As already mentioned previously, according to the present invention a transportable license for legitimately acquired software packages can be implemented. As a deviation from existing practices, a license is thus in fact personal and is not—for lack of transportability—immobilized on a specific system or computer.

If users purchase further licenses, for example a 3D evaluation package in the context of confocal microscopy, the user can thus use his license on different workstations because the license information is stored in the memory; as a result, the license is transportable and can be used anywhere.

Acquired data can also be stored and transported on the transportable memory, thereby further enhancing the flexibility of the system. For example, image data acquired from a confocal system can be stored on the memory stick and taken away, so that a separate data transfer is no longer necessary. Lastly, a scenario relevant to the invention will be presented in order to illustrate the invention.

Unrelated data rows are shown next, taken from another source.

(* Let $\ell\ge2$, let $\mathcal R$ be an $\ell$-vertex rule with associated graphs $(G(m))_{m\ge0}$ on $[n]$, and let $0<\alpha\le1$. Let $\mathcal C(\alpha)$ denote the event that for all integers $0\le m\le n^2$ and $1\le k\le \frac{\alpha}{16}\frac{n}{\log n}$ the following holds: if $N_{\ge k}(m)\ge\alpha n$, then $L_1(m+\Delta)>\frac{\alpha}{\ell^2}n$, where $\Delta=\bigl\lceil \frac{4}{\alpha^{\ell-1}}\frac{n}{k}\bigr\rceil$. Then $\Pr(\mathcal C(\alpha))\ge 1-n^{-1}$.
   Context: $\ell$-vertex rule: fix an integer $\ell\ge2$. For each $n$, let $(\underline v_1,\underline v_2,\dots)$ be an i.i.d. sequence, where each $\underline v_m=(v_{m,1},\dots,v_{m,\ell})$ consists of $\ell$ vertices of $[n]$ chosen independently and uniformly at random. There is a filtration $\mathcal F_0\subseteq\mathcal F_1\subseteq\cdots$ such that $\underline v_m$ is $\mathcal F_m$-measurable and independent of $\mathcal F_{m-1}$. An $\ell$-vertex rule is a random sequence of graphs $(G(m))_{m\ge0}$ on $[n]$ such that: (i) $G(0)$ is empty; (ii) for $m\ge1$, $G(m)=G(m-1)\cup E_m$ where $E_m$ is a (possibly empty) $\mathcal F_m$-measurable set of edges each joining two vertices of $\underline v_m$; (iii) if the $\ell$ vertices of $\underline v_m$ lie in $\ell$ distinct components of $G(m-1)$, then $E_m\ne\varnothing$. Notation: $L_1(m)$ is the number of vertices in a largest component of $G(m)$; $N_{\ge k}(m)$ is the number of vertices of $G(m)$ in components with at least $k$ vertices; $\log$ is the natural logarithm. *)

theory Defs
  imports "HOL-Probability.Probability"
begin

text \<open>Graphs on vertex set [n] = {1..n} are represented by their edge sets,
  an edge being a two-element set of vertices.\<close>

definition adj :: "nat set set \<Rightarrow> (nat \<times> nat) set" where
  "adj G = {(a, b). {a, b} \<in> G}"

definition comp :: "nat set set \<Rightarrow> nat \<Rightarrow> nat set" where
  "comp G x = {y. (x, y) \<in> (adj G)\<^sup>*}"

definition L1 :: "nat \<Rightarrow> nat set set \<Rightarrow> nat" where
  "L1 n G = Max ((\<lambda>x. card (comp G x)) ` {1..n})"

definition Nge :: "nat \<Rightarrow> nat set set \<Rightarrow> nat \<Rightarrow> nat" where
  "Nge n G k = card {x \<in> {1..n}. card (comp G x) \<ge> k}"

definition Gr :: "(nat \<Rightarrow> 'a \<Rightarrow> nat set set) \<Rightarrow> nat \<Rightarrow> 'a \<Rightarrow> nat set set" where
  "Gr E m \<omega> = (\<Union>i\<in>{1..m}. E i \<omega>)"

text \<open>An l-vertex rule on [n]: probability space M, filtration F (F 0 \<subseteq> F 1 \<subseteq> ...),
  tuples v m (m >= 1) of l uniform vertices, F m-measurable and independent of F (m-1),
  and F m-measurable edge sets E m, each edge joining two vertices of v m,
  nonempty whenever the l vertices lie in l distinct components of G(m-1).\<close>
definition ell_vertex_rule ::
  "'a measure \<Rightarrow> nat \<Rightarrow> nat \<Rightarrow> (nat \<Rightarrow> 'a measure) \<Rightarrow> (nat \<Rightarrow> 'a \<Rightarrow> nat list)
     \<Rightarrow> (nat \<Rightarrow> 'a \<Rightarrow> nat set set) \<Rightarrow> bool" where
  "ell_vertex_rule M l n F v E \<longleftrightarrow>
     prob_space M \<and>
     (\<forall>m. subalgebra M (F m)) \<and>
     (\<forall>m. sets (F m) \<subseteq> sets (F (Suc m))) \<and>
     (\<forall>m\<ge>1. v m \<in> measurable (F m) (count_space UNIV)) \<and>
     (\<forall>m\<ge>1. \<forall>\<omega>\<in>space M. length (v m \<omega>) = l \<and> set (v m \<omega>) \<subseteq> {1..n}) \<and>
     (\<forall>m\<ge>1. \<forall>t. length t = l \<and> set t \<subseteq> {1..n} \<longrightarrow>
         measure M {\<omega>\<in>space M. v m \<omega> = t} = 1 / real n ^ l) \<and>
     (\<forall>m\<ge>1. \<forall>A\<in>sets (F (m - 1)). \<forall>t.
         measure M (A \<inter> {\<omega>\<in>space M. v m \<omega> = t})
           = measure M A * measure M {\<omega>\<in>space M. v m \<omega> = t}) \<and>
     (\<forall>m\<ge>1. E m \<in> measurable (F m) (count_space UNIV)) \<and>
     (\<forall>m\<ge>1. \<forall>\<omega>\<in>space M. \<forall>e\<in>E m \<omega>.
         \<exists>x y. x \<in> set (v m \<omega>) \<and> y \<in> set (v m \<omega>) \<and> x \<noteq> y \<and> e = {x, y}) \<and>
     (\<forall>m\<ge>1. \<forall>\<omega>\<in>space M.
         (\<forall>i<l. \<forall>j<l. i \<noteq> j \<longrightarrow> (v m \<omega> ! i, v m \<omega> ! j) \<notin> (adj (Gr E (m - 1) \<omega>))\<^sup>*)
         \<longrightarrow> E m \<omega> \<noteq> {})"

definition event_C :: "nat \<Rightarrow> nat \<Rightarrow> real \<Rightarrow> (nat \<Rightarrow> 'a \<Rightarrow> nat set set) \<Rightarrow> 'a \<Rightarrow> bool" where
  "event_C n l \<alpha> E \<omega> \<longleftrightarrow>
     (\<forall>m k. m \<le> n ^ 2 \<and> 1 \<le> k \<and> real k \<le> \<alpha> / 16 * (real n / ln (real n))
        \<and> real (Nge n (Gr E m \<omega>) k) \<ge> \<alpha> * real n
        \<longrightarrow> real (L1 n (Gr E (m + nat \<lceil>4 / \<alpha> ^ (l - 1) * (real n / real k)\<rceil>) \<omega>))
              > \<alpha> / real l ^ 2 * real n)"

end

theory Submission
  imports Defs
begin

In a research institute, a scientist works on several confocal microscope systems. The different systems existing thereon are not, or only partially, interconnected via a network. The scientist states that he wants to perform evaluations at home. The scientist furthermore visits research colleagues within the country and abroad at a wide range of institutions where corresponding systems are available to him. Assuming appropriately configured systems, he can work everywhere with the same software, but it usually exhibits a different user profile or different implementations. Either the scientist adapts to the particular conditions (which is always difficult), or he must set up the application software to meet his needs, always having to ensure that this is done so it is easily reversible in order not to interfere with other people's work. Utilizing the mobile memory at each workstation renders the formerly complex procedure superfluous. For example, by way of his user-specific data and access authorizations, he can always call up the software inventory and familiar user interface that correspond to his authorization. The acquired images can be stored and also transported by means of the memory, so that laborious saving of the data onto separate data memories is no longer necessary. The result is that the system according to the present invention makes work very considerably simpler, especially because a user-specific environment can be created anywhere.

BRIEF DESCRIPTION OF THE DRAWINGS

There are various ways of advantageously embodying and developing the teaching of the present invention. The reader is referred, for that purpose, on the one hand to the claims subordinate to [0033] Claims 1 and 16, and on the other hand to the explanation below of two exemplary embodiments of the invention with reference to the drawings. In conjunction with the explanation of the preferred exemplary embodiments of the invention, an explanation is also given of generally preferred embodiments and developments of the teaching. In the drawings:
FIG. 1 shows, in a schematic sketch, a general exemplary embodiment of an EDP system according to the present invention; and [0034]
FIG. 2 schematically depicts a concrete exemplary embodiment of an EDP system according to the present invention with a microscopy workstation, preferably for scanning microscopy. [0035]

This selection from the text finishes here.